lemma invariant_ellipsoid_if_F1_F2_eq_0:
  assumes "k > 0" "r > 0" "F1 k r th z pR pS = 0" "F2 k r th z pR pS = 0"
  shows "4 * k ^ 2 * z ^ 2 + k * F3 k r z pR pS * r ^ 2 = F3 k r z pR pS ^ 2"
proof -
  define R f where "R = rho r z" and "f = F3 k r z pR pS"
  have R: "R > 0" "R ^ 2 = r ^ 4 + 16 * z ^ 2"
    unfolding R_def using rho_pos[OF \<open>r > 0\<close>] rho_squared by auto
  have FB: "FB k r z pR pS = 0" and FA: "FA k r z pR pS = 0"
    using assms(3,4) FB_eq_F1_F2[of k r z pR pS th] FA_eq_F1_F2[of k r z pR pS th] by simp_all
  then have Hf: "2 * Ham k r z pR pS * f = - (k ^ 2)"
    using FA_squared_plus_FB_squared[OF \<open>r > 0\<close>, of k z pR pS] unfolding f_def by simp
  have f: "f = 8 * z ^ 2 * Ham k r z pR pS + k * R"
    using F3_eq_Ham_FB[OF \<open>r > 0\<close>, of k z pR pS] FB unfolding f_def R_def by simp
  have "(f - k * (R - r ^ 2) / 2) * (f - k * (R + r ^ 2) / 2) = 0"
    using f Hf R(2) by algebra
  moreover have "f - k * (R - r ^ 2) / 2 > 0"
  proof -
    have "f \<ge> k * (r ^ 4 + 8 * z ^ 2) / R"
      using F3_eq_kinetic_FB[OF \<open>r > 0\<close>, of k z pR pS] FB unfolding f_def R_def by simp
    moreover have "k * (r ^ 4 + 8 * z ^ 2) / R - k * (R - r ^ 2) / 2 = k * r ^ 2 * (r ^ 2 + R) / (2 * R)"
      using R by (simp add: field_simps) algebra
    moreover have "k * r ^ 2 * (r ^ 2 + R) / (2 * R) > 0"
      using R \<open>k > 0\<close> \<open>r > 0\<close> by (intro divide_pos_pos mult_pos_pos add_pos_pos) auto
    ultimately show ?thesis by linarith
  qed
  ultimately have "f = k * (R + r ^ 2) / 2" by simp
  then have "2 * f - k * r ^ 2 = k * R" by (simp add: algebra_simps)
  then have "(2 * f - k * r ^ 2) ^ 2 = k ^ 2 * (r ^ 4 + 16 * z ^ 2)"
    by (simp add: R(2)[symmetric] power_mult_distrib)
  then show ?thesis unfolding f_def[symmetric] by algebra
qed

lemma invariant_line_if_F3_eq_0:
  assumes "k > 0" "r > 0" "J \<ge> 0" "F3 k r z pR pS = 0"
    and F1: "F1 k r th z pR pS = J * sin (2 * \<theta>0)" and F2: "F2 k r th z pR pS = J * cos (2 * \<theta>0)"
  shows "z = 0 \<and> (\<exists>n::int. th = \<theta>0 + of_int n * pi)"
proof -
  have "z = 0" "pS = 0" using assms(1,2,4) F3_eq_0_iff by auto
  then have "rho r z = r ^ 2" using \<open>r > 0\<close> unfolding rho_def by (simp add: real_sqrt_unique)
  then have "FA k r z pR pS = 0" "FB k r z pR pS = k"
    using \<open>z = 0\<close> \<open>pS = 0\<close> \<open>r > 0\<close> unfolding FA_def FB_def by simp_all
  then have k_sin: "k * sin (2 * th) = J * sin (2 * \<theta>0)" and k_cos: "k * cos (2 * th) = J * cos (2 * \<theta>0)"
    using F1 F2 unfolding F1_def F2_def by simp_all
  have "J ^ 2 = (J * sin (2 * \<theta>0)) ^ 2 + (J * cos (2 * \<theta>0)) ^ 2"
    and "k ^ 2 = (k * sin (2 * th)) ^ 2 + (k * cos (2 * th)) ^ 2"
    by (simp_all only: power_mult_distrib distrib_left[symmetric] sin_cos_squared_add mult_1_right)
  then have "J ^ 2 = k ^ 2" unfolding k_sin k_cos by simp
  then have "J = k" using \<open>k > 0\<close> \<open>J \<ge> 0\<close> by (simp add: power2_eq_iff_nonneg less_imp_le)
  then have "sin (2 * th) = sin (2 * \<theta>0)" "cos (2 * th) = cos (2 * \<theta>0)"
    using k_sin k_cos \<open>k > 0\<close> by simp_all
  then have "cos (2 * th - 2 * \<theta>0) = 1"
    unfolding cos_diff by (metis sin_cos_squared_add power2_eq_square add.commute)
  then obtain n :: int where "2 * th - 2 * \<theta>0 = of_int n * (2 * pi)"
    by (auto simp: cos_one_2pi_int)
  then have "th = \<theta>0 + of_int n * pi" by (simp add: algebra_simps)
  with \<open>z = 0\<close> show ?thesis by blast
qed

lemma has_real_derivative_rho:
  assumes "(r has_real_derivative r') (at t)" "(z has_real_derivative z') (at t)" "r t > 0"
  shows "((\<lambda>t. rho (r t) (z t)) has_real_derivative
           (2 * r t ^ 3 * r' + 16 * z t * z') / rho (r t) (z t)) (at t)"
proof -
  have pos: "r t ^ 4 + 16 * z t ^ 2 > 0" using assms(3) by (simp add: add_pos_nonneg)
  have "((\<lambda>t. r t ^ 4 + 16 * z t ^ 2) has_real_derivative 4 * r t ^ 3 * r' + 32 * z t * z') (at t)"
    by (auto intro!: derivative_eq_intros assms)
  from DERIV_chain2[OF DERIV_real_sqrt[OF pos] this] show ?thesis
    unfolding rho_def by (rule DERIV_cong) (use pos in \<open>simp add: field_simps\<close>)
qed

[WORK TO BE COMPLETED] Sift the data above for lines with "lambda", then copy each one.

[RESPONSE TO THE EXERCISE]
  shows "((\<lambda>t. rho (r t) (z t)) has_real_derivative
  have "((\<lambda>t. r t ^ 4 + 16 * z t ^ 2) has_real_derivative 4 * r t ^ 3 * r' + 32 * z t * z') (at t)"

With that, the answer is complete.